theorem proposition1:
  fixes P Pbar :: "'x::finite \<times> 'y1::finite \<times> 'y2::finite \<Rightarrow> real"
    and R1 R2 eps1 eps2 :: real
  assumes "is_pmf P" and "is_pmf Pbar"
    and "\<forall>a. 0 < Pbar a"
    and "R1 \<ge> entropy_pmf (marg_X P)"
    and "R2 \<ge> cond_entropy_Y1_X P"
    and "0 < eps1" "eps1 < 1" "0 < eps2" "eps2 < 1"
  shows "exponent_region P Pbar R1 R2 eps1 eps2 =
           {(th1, th2). 0 \<le> th1 \<and> 0 \<le> th2
              \<and> th1 \<le> kl_div (marg_XY1 P) (marg_XY1 Pbar)
              \<and> th2 \<le> kl_div P Pbar}"
proof -
  define D1 where "D1 = kl_div (marg_XY1 P) (marg_XY1 Pbar)"
  define D2 where "D2 = kl_div P Pbar"
  define A where "A = {(th1, th2). achievable P Pbar R1 R2 eps1 eps2 th1 th2}"
  have "A \<subseteq> {0..D1} \<times> {0..D2}"
    using converse[OF assms(1,3,7,9)] by (auto simp: A_def D1_def D2_def)
  then have "closure A \<subseteq> {0..D1} \<times> {0..D2}"
    by (intro closure_minimal closed_Times closed_atLeastAtMost)
  moreover have "{0..D1} \<times> {0..D2} \<subseteq> closure A"
  proof (clarsimp simp: closure_approachable)
    fix a b e :: real assume ab: "0 \<le> a" "a \<le> D1" "0 \<le> b" "b \<le> D2" and "0 < e"
    have "achievable P Pbar R1 R2 eps1 eps2 (max 0 (a - e / 3)) (max 0 (b - e / 3))"
      using ab \<open>0 < e\<close>
      by (intro achievability[where \<delta> = "e / 3"]) (use assms in \<open>auto simp: D1_def D2_def\<close>)
    moreover have "dist (max 0 (a - e / 3), max 0 (b - e / 3)) (a, b) < e"
      using dist_max_diff_le[of a b "e / 3"] ab \<open>0 < e\<close> by simp
    ultimately show "\<exists>x\<in>A. dist x (a, b) < e" unfolding A_def by blast
  qed
  ultimately show ?thesis
    unfolding exponent_region_def A_def[symmetric] D1_def[symmetric] D2_def[symmetric] by auto
qed

end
^^^^^^^^
Set down nothing but the lines from the one containing "using ab \<open>0 < e\<close>" through the end of the entries above, exactly as written, both ends counted.

      using ab \<open>0 < e\<close>
      by (intro achievability[where \<delta> = "e / 3"]) (use assms in \<open>auto simp: D1_def D2_def\<close>)
    moreover have "dist (max 0 (a - e / 3), max 0 (b - e / 3)) (a, b) < e"
      using dist_max_diff_le[of a b "e / 3"] ab \<open>0 < e\<close> by simp
    ultimately show "\<exists>x\<in>A. dist x (a, b) < e" unfolding A_def by blast
  qed
  ultimately show ?thesis
    unfolding exponent_region_def A_def[symmetric] D1_def[symmetric] D2_def[symmetric] by auto
qed

end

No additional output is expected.